3. The method for preparing dental implant material according to claim 1, characterized in that, In step S1, the mass ratio of the α-silicon nitride powder, the sintering aid, and the pore-forming agent is (92 to 94): (5 to 8): (10 to 90).
4. The method for preparing dental implant material according to claim 1, characterized in that, In step S1, the sintering aid includes rare earth oxides and alumina; the pore-forming agent includes at least one of starch, graphite and PMMA microspheres.
5. The method for preparing dental implant material according to claim 1, characterized in that, In step S1, the ball milling process uses alcohol as the milling medium, and the ball milling speed is 100 rpm to 200 rpm for 10 h to 14 h.
6. The method for preparing dental implant material according to claim 1, characterized in that, In step S1, the pressure of the pressing is 10 MPa to 50 MPa; the temperature of the degreasing treatment is 550°C to 650°C, and the time is 1 hour to 2 hours.
7. The method for preparing dental implant material according to claim 1, characterized in that, In step S1, the sintering process is carried out under a nitrogen atmosphere, and the sintering temperature is 1700°C to 1800°C for 2 hours to 3 hours.

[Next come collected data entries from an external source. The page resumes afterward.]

(* Let $\mathbb{G}$ be a finitely generated abelian group, $A$ a commutative ring, and $B=A[T_1,\dots,T_r]$ a $\mathbb{G}$-graded polynomial ring over $A$ (with $A$ in degree $0$ and each $T_i$ homogeneous). Let $\mathbb{M}$ be a finitely generated $\mathbb{G}$-graded $B$-module. Let $\Gamma$ be the set of subsets of $\{\deg_{\mathbb{G}}(T_i)\}_{i=1}^r$ that are linearly independent. Then there exist finitely many pairs $(\delta_p,E_p)\in\mathbb{G}\times\Gamma$, $p=1,\dots,m$, such that $$\operatorname{supp}_{\mathbb{G}}(\mathbb{M})=\bigcup_{p=1}^m\big(\delta_p+\langle E_p\rangle\big),$$ where $\langle E_p\rangle$ denotes the submonoid of $\mathbb{G}$ generated by $E_p$.
   Context: A subset $E$ of an abelian group is linearly independent if it forms a basis of a free submonoid, i.e. the map $\mathbb{N}^{(E)}\to\mathbb{G}$, $(c_e)\mapsto\sum_e c_e e$, is injective (the empty set is allowed, with $\langle\emptyset\rangle=\{0\}$). $\operatorname{supp}_{\mathbb{G}}(\mathbb{M})=\{\gamma\in\mathbb{G}:\mathbb{M}_\gamma\neq 0\}$. *)

theory Defs
  imports Main "HOL.Modules" "HOL-Library.Poly_Mapping"
begin

primrec nmul :: "nat \<Rightarrow> 'g::monoid_add \<Rightarrow> 'g" where
  "nmul 0 g = 0"
| "nmul (Suc n) g = g + nmul n g"

inductive_set submonoid_gen :: "'g::monoid_add set \<Rightarrow> 'g set" for E where
  zero: "0 \<in> submonoid_gen E"
| step: "x \<in> submonoid_gen E \<Longrightarrow> e \<in> E \<Longrightarrow> x + e \<in> submonoid_gen E"

text \<open>Finitely generated abelian group: generated as a monoid by a finite S together with -S,
  i.e. generated as a group by the finite set S.\<close>
definition fg_abelian_group :: "'g::ab_group_add itself \<Rightarrow> bool" where
  "fg_abelian_group _ \<longleftrightarrow> (\<exists>S::'g set. finite S \<and> submonoid_gen (S \<union> uminus ` S) = UNIV)"

definition lin_indep :: "'g::comm_monoid_add set \<Rightarrow> bool" where
  "lin_indep E \<longleftrightarrow>
     (\<forall>c d :: 'g \<Rightarrow> nat.
        finite {e. c e \<noteq> 0} \<and> finite {e. d e \<noteq> 0} \<and>
        {e. c e \<noteq> 0} \<subseteq> E \<and> {e. d e \<noteq> 0} \<subseteq> E \<and>
        (\<Sum>e\<in>{e. c e \<noteq> 0}. nmul (c e) e) = (\<Sum>e\<in>{e. d e \<noteq> 0}. nmul (d e) e)
        \<longrightarrow> c = d)"

text \<open>Polynomial ring A[T_v | v :: 'v] is the type of finitely supported maps from monomials to a.
  G-degree of a monomial, given the degrees deg v of the variables T_v.\<close>
definition mdeg :: "('v \<Rightarrow> 'g::comm_monoid_add) \<Rightarrow> ('v \<Rightarrow>\<^sub>0 nat) \<Rightarrow> 'g" where
  "mdeg deg m = (\<Sum>v\<in>Poly_Mapping.keys m. nmul (Poly_Mapping.lookup m v) (deg v))"

definition hom_poly :: "('v \<Rightarrow> 'g::comm_monoid_add) \<Rightarrow> 'g \<Rightarrow> (('v \<Rightarrow>\<^sub>0 nat) \<Rightarrow>\<^sub>0 'a::zero) set" where
  "hom_poly deg \<gamma> = {p. \<forall>m\<in>Poly_Mapping.keys p. mdeg deg m = \<gamma>}"

definition graded_module ::
  "('v \<Rightarrow> 'g::comm_monoid_add) \<Rightarrow> ((('v \<Rightarrow>\<^sub>0 nat) \<Rightarrow>\<^sub>0 'a::comm_ring_1) \<Rightarrow> 'm \<Rightarrow> 'm::ab_group_add)
     \<Rightarrow> ('g \<Rightarrow> 'm set) \<Rightarrow> bool" where
  "graded_module deg scale Mg \<longleftrightarrow>
     module scale \<and>
     (\<forall>\<gamma>. 0 \<in> Mg \<gamma> \<and> (\<forall>x\<in>Mg \<gamma>. \<forall>y\<in>Mg \<gamma>. x + y \<in> Mg \<gamma> \<and> - x \<in> Mg \<gamma>)) \<and>
     (\<forall>\<gamma> \<delta> b x. b \<in> hom_poly deg \<gamma> \<longrightarrow> x \<in> Mg \<delta> \<longrightarrow> scale b x \<in> Mg (\<gamma> + \<delta>)) \<and>
     (\<forall>x. \<exists>!f. finite {\<gamma>. f \<gamma> \<noteq> 0} \<and> (\<forall>\<gamma>. f \<gamma> \<in> Mg \<gamma>) \<and> x = (\<Sum>\<gamma>\<in>{\<gamma>. f \<gamma> \<noteq> 0}. f \<gamma>))"

definition fg_module :: "('r::comm_ring_1 \<Rightarrow> 'm \<Rightarrow> 'm::ab_group_add) \<Rightarrow> bool" where
  "fg_module scale \<longleftrightarrow> (\<exists>X. finite X \<and> module.span scale X = UNIV)"

definition graded_supp :: "('g \<Rightarrow> 'm::zero set) \<Rightarrow> 'g set" where
  "graded_supp Mg = {\<gamma>. Mg \<gamma> \<noteq> {0}}"

end

theory Submission
  imports Defs "HOL.Topological_Spaces"
begin

text \<open>
  Pick finitely many homogeneous generators \<open>h\<close> of \<open>\<M>\<close>. For each of them the exponent vectors
  \<open>t\<close> with \<open>T\<^sup>t h \<noteq> 0\<close> form a downward closed subset of \<open>\<nat>\<^sup>r\<close>; by Dickson's lemma it is the
  complement of finitely many upward cones, hence a finite union of boxes in which some coordinates
  are fixed and the others are free. The degree map sends such a box onto a translate of the
  submonoid generated by the degrees of the free variables, and \<open>supp(\<M>)\<close> is the union of
  these translates shifted by \<open>deg h\<close>. Finally, if a finite set \<open>F\<close> satisfies a nontrivial
  relation \<open>\<Sum> a\<^sub>e e = \<Sum> b\<^sub>e e\<close> with disjoint supports, every element of \<open>\<langle>F\<rangle>\<close> can be rewritten
  until some coefficient \<open>n\<^sub>e\<close> drops below \<open>a\<^sub>e\<close>, so \<open>\<langle>F\<rangle>\<close> is a finite union of translates
  of \<open>\<langle>F - {e}\<rangle>\<close>; induction on \<open>|F|\<close> leaves only linearly independent generating sets.
\<close>

lemma nmul_add: "nmul (m + n) g = nmul m g + nmul n (g::'g::comm_monoid_add)"
  by (induction m) (simp_all add: add.assoc)

lemma sum_nmul_add:
  "(\<Sum>i\<in>I. nmul (m i + n i) (g i)) =
     (\<Sum>i\<in>I. nmul (m i) (g i)) + (\<Sum>i\<in>I. nmul (n i) (g i :: 'g::comm_monoid_add))"
  by (simp add: nmul_add sum.distrib)

lemma submonoid_gen_add:
  assumes "x \<in> submonoid_gen E" "y \<in> submonoid_gen E"
  shows "x + y \<in> submonoid_gen (E::'g::comm_monoid_add set)"
  using assms(2)
proof induction
  case zero
  show ?case using assms(1) by simp
next
  case (step y e)
  then show ?case by (metis add.assoc submonoid_gen.step)
qed

lemma submonoid_gen_mono: "E \<subseteq> F \<Longrightarrow> submonoid_gen E \<subseteq> submonoid_gen F"
proof
  fix x assume "E \<subseteq> F" "x \<in> submonoid_gen E"
  from this(2) show "x \<in> submonoid_gen F"
    by induction (use \<open>E \<subseteq> F\<close> in \<open>auto intro: submonoid_gen.intros\<close>)
qed

lemma submonoid_gen_nmul: "e \<in> E \<Longrightarrow> nmul n e \<in> submonoid_gen (E::'g::comm_monoid_add set)"
  by (induction n)
    (auto intro: submonoid_gen.zero submonoid_gen_add submonoid_gen.step[OF submonoid_gen.zero, simplified])

lemma submonoid_gen_sum:
  "(\<And>i. i \<in> I \<Longrightarrow> f i \<in> submonoid_gen E) \<Longrightarrow> sum f I \<in> submonoid_gen (E::'g::comm_monoid_add set)"
  by (induction I rule: infinite_finite_induct) (auto intro: submonoid_gen.zero submonoid_gen_add)

lemma submonoid_gen_image:
  fixes g :: "'i \<Rightarrow> 'g::comm_monoid_add"
  assumes "finite I"
  shows "submonoid_gen (g ` I) = range (\<lambda>c. \<Sum>i\<in>I. nmul (c i) (g i))"
proof
  show "submonoid_gen (g ` I) \<subseteq> range (\<lambda>c. \<Sum>i\<in>I. nmul (c i) (g i))"
  proof
    fix x assume "x \<in> submonoid_gen (g ` I)"
    then show "x \<in> range (\<lambda>c. \<Sum>i\<in>I. nmul (c i) (g i))"
    proof induction
      case zero
      show ?case by (rule range_eqI[of _ _ "\<lambda>_. 0"]) simp
    next
      case (step x e)
      then obtain c i where x: "x = (\<Sum>j\<in>I. nmul (c j) (g j))" and i: "i \<in> I" "e = g i"
        by blast
      have "(\<Sum>j\<in>I. nmul (if j = i then 1 else 0) (g j)) = (\<Sum>j\<in>I. if j = i then g j else 0)"
        by (intro sum.cong) auto
      also have "\<dots> = e" using assms i by simp
      finally have "x + e = (\<Sum>j\<in>I. nmul (c j + (if j = i then 1 else 0)) (g j))"
        by (simp only: x sum_nmul_add)
      then show ?case by (rule range_eqI[where x = "\<lambda>j. c j + (if j = i then 1 else 0)"])
    qed
  qed
  show "range (\<lambda>c. \<Sum>i\<in>I. nmul (c i) (g i)) \<subseteq> submonoid_gen (g ` I)"
    by (auto intro!: submonoid_gen_sum submonoid_gen_nmul)
qed

definition cone_decomposable :: "'g::comm_monoid_add set \<Rightarrow> 'g set \<Rightarrow> bool" where
  "cone_decomposable D X \<longleftrightarrow> (\<exists>P :: ('g \<times> 'g set) set. finite P \<and>
     (\<forall>(\<delta>, E)\<in>P. E \<subseteq> D \<and> lin_indep E) \<and>
     X = (\<Union>(\<delta>, E)\<in>P. (\<lambda>x. \<delta> + x) ` submonoid_gen E))"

8. The method for preparing dental implant material according to claim 1, characterized in that, In step S2, the temperature of the gas pressure infiltration is 650°C to 720°C, the pressure is 1MPa to 4MPa, and the time is 20min to 40min.
9. A dental implant material, characterized in that, It is prepared using the method for preparing dental implant materials as described in any one of claims 1 to 8.
10. The application of the dental implant material as described in claim 9 in the preparation of artificial tooth roots and artificial crowns.